Concept

Asynchronous cellular automaton

Summary
Cellular automata, as with other multi-agent system models, usually treat time as discrete and state updates as occurring synchronously. The state of every cell in the model is updated together, before any of the new states influence other cells. In contrast, an asynchronous cellular automaton is able to update individual cells independently, in such a way that the new state of a cell affects the calculation of states in neighbouring cells. Implementations of synchronous updating can be analysed in two phases. The first, interaction, calculates the new state of each cell based on the neighbourhood and the update rule. State values are held in a temporary store. The second phase updates state values by copying the new states to the cells. In contrast, asynchronous updating does not necessarily separate these two phases: in the simplest case (fully asynchronous updating), changes in state are implemented immediately. The synchronous approach assumes the presence of a global clock to ensure all cells are updated together. While convenient for preparing computer systems, this might be an unrealistic assumption if the model is intended to represent, for example, a living system where there is no evidence of the presence of such a device.
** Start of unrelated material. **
(* Let $\mathbf{x}_1,\dots,\mathbf{x}_r\in\mathbb{R}^d$ be fixed design points, $\mathbb{C}\subseteq\mathbb{R}^r$ the set of convex vectors on these points, and consider the Bayesian model in the context (known or unknown covariance). For $n\ge 0$ and $\ell\ge 1$, let $\phi_n$ and $\phi_{n+\ell}$ denote the posterior (marginal) densities of $\mathbf{F}\mid\mathscr{A}_n$ and $\mathbf{F}\mid\mathscr{A}_{n+\ell}$, and let $L_{n+\ell,n}(\mathbf{y})=\phi_{n+\ell}(\mathbf{y})/\phi_n(\mathbf{y})$. Let $\mathbf{Y}_n$ be a sample drawn from the density $\phi_n$ (independently of the observations $\mathbf{Y}_{n+1},\dots,\mathbf{Y}_{n+\ell}$ given $\mathscr{A}_n$). Then the estimator $\hat p_{n+\ell}=\mathbf{1}\{\mathbf{Y}_n\in\mathbb{C}\}\,L_{n+\ell,n}(\mathbf{Y}_n)$ satisfies, conditional on $\mathscr{A}_{n+\ell}$, $E[\hat p_{n+\ell}\mid\mathscr{A}_{n+\ell}]=P(\mathbf{F}\in\mathbb{C}\mid\mathscr{A}_{n+\ell})$ and $\mathrm{Var}(\hat p_{n+\ell}\mid\mathscr{A}_{n+\ell})<\infty$.
   Context: A vector $\mathbf{g}\in\mathbb{R}^r$ is called convex (on $\mathbf{x}_1,\dots,\mathbf{x}_r$) if there exists a convex function $f:\mathbb{R}^d\to\mathbb{R}$ with $f(\mathbf{x}_i)=g_i$ for $i=1,\dots,r$; $\mathbb{C}$ denotes the set of all such vectors. Bayesian model: $\mathbf{F}$ is an $\mathbb{R}^r$-valued random vector drawn from a prior; observations are $\mathbf{Y}_j=\mathbf{F}+\boldsymbol{\xi}_j$, $j=1,2,\dots$, with $\boldsymbol{\xi}_j$ i.i.d. $N(\mathbf{0},\Gamma)$ independent of $\mathbf{F}$, $\Gamma$ positive definite. $\mathscr{A}_n$ is the $\sigma$-field generated by the initial information $\mathscr{A}_0$ and $\mathbf{Y}_1,\dots,\mathbf{Y}_n$. Known-covariance model: $\Gamma$ known, prior $\mathbf{F}\sim N(\boldsymbol{\mu}_0,\Lambda_0)$ with $\Lambda_0$ positive definite, posterior $N(\boldsymbol{\mu}_n,\Lambda_n)$ with $\Lambda_n^{-1}=\Lambda_{n-1}^{-1}+\Gamma^{-1}$, $\boldsymbol{\mu}_n=\Lambda_n(\Lambda_{n-1}^{-1}\boldsymbol{\mu}_{n-1}+\Gamma^{-1}\mathbf{Y}_n)$. Unknown-covariance model: normal–inverse-Wishart prior $\Gamma\sim\text{Inv-Wishart}_{\upsilon_0}(\Xi_0^{-1})$, $\mathbf{F}\mid\Gamma\sim N(\boldsymbol{\mu}_0,\Gamma/\kappa_0)$, with updates $\boldsymbol{\mu}_n=\frac{\kappa_{n-1}\boldsymbol{\mu}_{n-1}+\mathbf{Y}_n}{\kappa_{n-1}+1}$, $\kappa_n=\kappa_{n-1}+1$, $\upsilon_n=\upsilon_{n-1}+1$, $\Xi_n=\Xi_{n-1}+\frac{\kappa_{n-1}}{\kappa_{n-1}+1}(\mathbf{Y}_n-\boldsymbol{\mu}_{n-1})(\mathbf{Y}_n-\boldsymbol{\mu}_{n-1})^T$; the marginal posterior density of $\mathbf{F}$ is multivariate Student-$t$ with $\upsilon_n-r+1$ degrees of freedom, location $\boldsymbol{\mu}_n$ and scale matrix $\Xi_n/(\kappa_n(\upsilon_n-r+1))$. *)

theory Defs
  imports "HOL-Probability.Probability"
begin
A general method repeatedly discovered independently (by K. Nakamura in the 1970s, by T. Toffoli in the 1980s, and by C. L. Nehaniv in 1998) allows one to emulate exactly the behaviour of a synchronous cellular automaton via an asynchronous one constructed as a simple modification of the synchronous cellular automaton (Nehaniv 2002). Correctness of this method however has only more recently been rigorously proved (Nehaniv, 2004). As a consequence, it follows immediately from results on synchronous cellular automata that asynchronous cellular automata are capable of emulating, e.g., Conway's Game of Life, of universal computation, and of self-replication (e.g., as in a Von Neumann universal constructor).